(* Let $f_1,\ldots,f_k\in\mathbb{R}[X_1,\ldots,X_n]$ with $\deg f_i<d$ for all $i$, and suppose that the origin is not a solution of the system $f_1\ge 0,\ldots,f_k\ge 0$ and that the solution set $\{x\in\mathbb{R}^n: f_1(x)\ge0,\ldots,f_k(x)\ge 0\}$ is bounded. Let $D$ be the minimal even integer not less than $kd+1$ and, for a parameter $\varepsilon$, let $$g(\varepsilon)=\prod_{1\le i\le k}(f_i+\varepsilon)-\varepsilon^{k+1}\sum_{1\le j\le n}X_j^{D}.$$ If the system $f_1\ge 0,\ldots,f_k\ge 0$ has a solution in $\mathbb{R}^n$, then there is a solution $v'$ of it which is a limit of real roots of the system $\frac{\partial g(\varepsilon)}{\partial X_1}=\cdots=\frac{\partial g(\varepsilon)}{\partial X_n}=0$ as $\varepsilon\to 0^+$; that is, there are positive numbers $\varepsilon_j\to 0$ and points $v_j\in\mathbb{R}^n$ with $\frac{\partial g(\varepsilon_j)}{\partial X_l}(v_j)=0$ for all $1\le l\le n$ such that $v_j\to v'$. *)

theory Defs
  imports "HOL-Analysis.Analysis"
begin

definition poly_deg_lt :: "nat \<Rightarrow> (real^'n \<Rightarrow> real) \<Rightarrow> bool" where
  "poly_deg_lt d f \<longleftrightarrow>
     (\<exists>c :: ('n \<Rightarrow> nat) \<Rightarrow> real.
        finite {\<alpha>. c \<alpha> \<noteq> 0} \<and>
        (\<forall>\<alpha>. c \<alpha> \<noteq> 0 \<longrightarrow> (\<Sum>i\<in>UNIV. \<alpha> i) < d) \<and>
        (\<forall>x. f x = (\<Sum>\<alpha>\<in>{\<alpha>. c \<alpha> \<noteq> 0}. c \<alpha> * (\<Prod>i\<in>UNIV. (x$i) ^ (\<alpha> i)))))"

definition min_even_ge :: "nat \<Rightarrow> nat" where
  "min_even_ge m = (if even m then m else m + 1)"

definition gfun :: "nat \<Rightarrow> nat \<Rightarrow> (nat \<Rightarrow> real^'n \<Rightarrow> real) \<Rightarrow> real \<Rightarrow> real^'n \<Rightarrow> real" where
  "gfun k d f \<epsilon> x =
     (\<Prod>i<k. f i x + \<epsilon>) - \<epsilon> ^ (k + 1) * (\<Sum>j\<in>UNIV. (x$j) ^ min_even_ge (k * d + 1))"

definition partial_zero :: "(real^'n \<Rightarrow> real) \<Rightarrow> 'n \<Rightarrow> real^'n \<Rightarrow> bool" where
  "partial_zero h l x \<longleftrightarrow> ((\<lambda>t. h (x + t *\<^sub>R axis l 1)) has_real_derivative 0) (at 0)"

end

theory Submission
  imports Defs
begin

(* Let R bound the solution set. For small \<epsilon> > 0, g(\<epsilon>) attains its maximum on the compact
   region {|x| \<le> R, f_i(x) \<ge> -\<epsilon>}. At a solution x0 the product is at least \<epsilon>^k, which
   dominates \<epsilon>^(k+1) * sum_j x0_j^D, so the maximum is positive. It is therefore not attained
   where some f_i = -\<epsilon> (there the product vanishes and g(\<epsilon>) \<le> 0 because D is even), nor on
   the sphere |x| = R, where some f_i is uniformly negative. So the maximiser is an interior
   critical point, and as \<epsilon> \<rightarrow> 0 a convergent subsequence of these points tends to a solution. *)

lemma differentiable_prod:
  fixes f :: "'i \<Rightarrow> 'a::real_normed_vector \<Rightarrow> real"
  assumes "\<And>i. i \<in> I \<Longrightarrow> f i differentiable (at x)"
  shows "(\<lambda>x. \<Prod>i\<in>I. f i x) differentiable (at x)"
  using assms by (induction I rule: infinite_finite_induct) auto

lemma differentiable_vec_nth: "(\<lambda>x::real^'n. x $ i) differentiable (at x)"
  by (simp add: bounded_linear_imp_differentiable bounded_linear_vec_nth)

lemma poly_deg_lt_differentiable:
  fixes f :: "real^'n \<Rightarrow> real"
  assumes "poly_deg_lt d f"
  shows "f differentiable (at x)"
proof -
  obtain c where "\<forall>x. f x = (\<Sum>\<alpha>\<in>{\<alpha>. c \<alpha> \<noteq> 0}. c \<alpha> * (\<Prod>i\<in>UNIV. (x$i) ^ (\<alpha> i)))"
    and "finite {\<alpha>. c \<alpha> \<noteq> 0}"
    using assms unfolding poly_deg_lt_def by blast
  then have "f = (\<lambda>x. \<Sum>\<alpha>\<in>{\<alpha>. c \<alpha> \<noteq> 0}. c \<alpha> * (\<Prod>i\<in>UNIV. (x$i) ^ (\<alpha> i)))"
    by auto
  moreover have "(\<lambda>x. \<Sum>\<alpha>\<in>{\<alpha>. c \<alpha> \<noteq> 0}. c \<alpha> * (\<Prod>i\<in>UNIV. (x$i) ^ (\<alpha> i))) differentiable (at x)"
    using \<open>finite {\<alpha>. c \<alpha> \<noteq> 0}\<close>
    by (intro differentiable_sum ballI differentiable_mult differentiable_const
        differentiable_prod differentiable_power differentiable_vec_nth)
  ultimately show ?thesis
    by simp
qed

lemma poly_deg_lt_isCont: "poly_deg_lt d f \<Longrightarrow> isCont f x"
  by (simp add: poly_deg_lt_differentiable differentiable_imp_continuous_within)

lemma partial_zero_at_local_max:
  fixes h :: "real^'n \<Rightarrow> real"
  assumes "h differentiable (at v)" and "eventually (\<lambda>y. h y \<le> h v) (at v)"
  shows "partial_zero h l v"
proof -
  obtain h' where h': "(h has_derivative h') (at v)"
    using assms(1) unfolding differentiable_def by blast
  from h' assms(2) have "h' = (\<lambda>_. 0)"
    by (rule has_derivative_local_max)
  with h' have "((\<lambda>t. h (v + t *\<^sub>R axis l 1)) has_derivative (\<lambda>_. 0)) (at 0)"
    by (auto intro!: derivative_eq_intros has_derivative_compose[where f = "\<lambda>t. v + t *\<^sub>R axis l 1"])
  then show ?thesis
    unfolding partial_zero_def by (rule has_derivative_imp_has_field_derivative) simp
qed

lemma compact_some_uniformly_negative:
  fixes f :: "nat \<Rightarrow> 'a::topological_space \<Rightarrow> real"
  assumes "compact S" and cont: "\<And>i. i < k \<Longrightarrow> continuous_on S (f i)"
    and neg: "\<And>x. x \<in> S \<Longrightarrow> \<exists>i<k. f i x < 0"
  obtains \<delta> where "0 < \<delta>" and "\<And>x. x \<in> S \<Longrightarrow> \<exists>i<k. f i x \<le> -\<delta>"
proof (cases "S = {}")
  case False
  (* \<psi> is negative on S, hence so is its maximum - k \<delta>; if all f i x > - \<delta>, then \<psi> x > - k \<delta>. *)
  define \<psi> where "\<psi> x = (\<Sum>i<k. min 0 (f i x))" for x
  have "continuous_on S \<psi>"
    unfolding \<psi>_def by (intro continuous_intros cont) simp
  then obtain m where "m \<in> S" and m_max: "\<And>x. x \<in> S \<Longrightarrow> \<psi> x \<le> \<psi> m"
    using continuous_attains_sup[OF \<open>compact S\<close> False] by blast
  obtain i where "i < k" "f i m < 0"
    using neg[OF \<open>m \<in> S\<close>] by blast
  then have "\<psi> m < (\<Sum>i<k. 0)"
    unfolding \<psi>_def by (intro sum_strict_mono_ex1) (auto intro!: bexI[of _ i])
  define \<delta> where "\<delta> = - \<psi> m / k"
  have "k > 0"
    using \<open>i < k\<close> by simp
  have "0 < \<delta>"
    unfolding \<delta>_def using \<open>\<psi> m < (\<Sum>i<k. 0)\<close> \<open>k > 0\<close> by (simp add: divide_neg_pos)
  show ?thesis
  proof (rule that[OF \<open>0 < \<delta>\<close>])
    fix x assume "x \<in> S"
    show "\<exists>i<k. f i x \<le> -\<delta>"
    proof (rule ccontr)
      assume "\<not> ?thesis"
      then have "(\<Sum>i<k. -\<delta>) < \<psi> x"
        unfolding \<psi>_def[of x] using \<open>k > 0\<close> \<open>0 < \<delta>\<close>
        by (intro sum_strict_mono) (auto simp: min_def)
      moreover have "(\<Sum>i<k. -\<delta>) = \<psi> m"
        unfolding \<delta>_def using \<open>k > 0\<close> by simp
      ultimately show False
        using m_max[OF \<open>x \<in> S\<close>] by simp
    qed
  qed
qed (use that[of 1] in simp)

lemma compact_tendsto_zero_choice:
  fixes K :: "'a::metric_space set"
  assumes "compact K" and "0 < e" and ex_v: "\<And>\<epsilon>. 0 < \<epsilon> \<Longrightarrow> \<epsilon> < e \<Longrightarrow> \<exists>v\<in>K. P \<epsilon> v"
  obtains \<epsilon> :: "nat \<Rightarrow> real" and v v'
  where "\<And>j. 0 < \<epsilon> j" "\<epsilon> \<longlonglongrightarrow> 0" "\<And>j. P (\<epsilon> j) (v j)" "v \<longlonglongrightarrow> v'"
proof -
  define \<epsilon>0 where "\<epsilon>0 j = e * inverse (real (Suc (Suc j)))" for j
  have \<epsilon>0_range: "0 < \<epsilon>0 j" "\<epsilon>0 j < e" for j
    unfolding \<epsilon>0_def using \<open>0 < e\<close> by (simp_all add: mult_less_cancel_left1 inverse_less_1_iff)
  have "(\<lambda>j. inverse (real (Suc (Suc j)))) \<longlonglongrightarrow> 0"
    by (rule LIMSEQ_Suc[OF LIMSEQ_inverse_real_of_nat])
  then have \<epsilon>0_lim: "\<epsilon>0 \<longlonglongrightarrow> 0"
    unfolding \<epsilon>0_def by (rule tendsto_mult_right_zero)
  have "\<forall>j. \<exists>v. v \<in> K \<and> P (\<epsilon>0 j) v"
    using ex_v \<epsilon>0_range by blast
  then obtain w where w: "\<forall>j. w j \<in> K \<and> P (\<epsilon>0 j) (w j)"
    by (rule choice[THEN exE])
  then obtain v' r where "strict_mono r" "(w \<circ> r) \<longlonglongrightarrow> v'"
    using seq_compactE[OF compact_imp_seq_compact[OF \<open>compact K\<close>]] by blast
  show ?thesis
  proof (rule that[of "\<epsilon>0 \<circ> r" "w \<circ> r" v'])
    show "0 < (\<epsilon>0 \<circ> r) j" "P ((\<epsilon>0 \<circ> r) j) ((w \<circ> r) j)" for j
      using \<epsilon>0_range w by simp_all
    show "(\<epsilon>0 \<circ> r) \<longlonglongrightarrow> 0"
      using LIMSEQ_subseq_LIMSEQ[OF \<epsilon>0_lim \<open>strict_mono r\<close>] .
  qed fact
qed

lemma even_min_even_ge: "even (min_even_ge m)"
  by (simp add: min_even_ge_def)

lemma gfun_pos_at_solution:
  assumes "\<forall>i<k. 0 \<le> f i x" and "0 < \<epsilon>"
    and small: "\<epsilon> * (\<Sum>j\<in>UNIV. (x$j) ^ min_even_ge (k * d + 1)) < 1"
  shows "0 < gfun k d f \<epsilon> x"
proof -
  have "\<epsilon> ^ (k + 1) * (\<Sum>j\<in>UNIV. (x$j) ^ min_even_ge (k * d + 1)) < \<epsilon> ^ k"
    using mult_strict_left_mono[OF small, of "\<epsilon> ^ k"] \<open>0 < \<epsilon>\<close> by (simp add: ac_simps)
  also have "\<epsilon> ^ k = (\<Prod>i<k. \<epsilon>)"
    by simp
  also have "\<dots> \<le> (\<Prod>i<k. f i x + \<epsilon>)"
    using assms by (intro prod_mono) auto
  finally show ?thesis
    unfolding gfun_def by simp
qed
========================
Lines of the listing above that contain the word "thesis" must all be copied.

### Written answer
  ultimately show ?thesis
  then show ?thesis
  show ?thesis
      assume "\<not> ?thesis"
  show ?thesis
  finally show ?thesis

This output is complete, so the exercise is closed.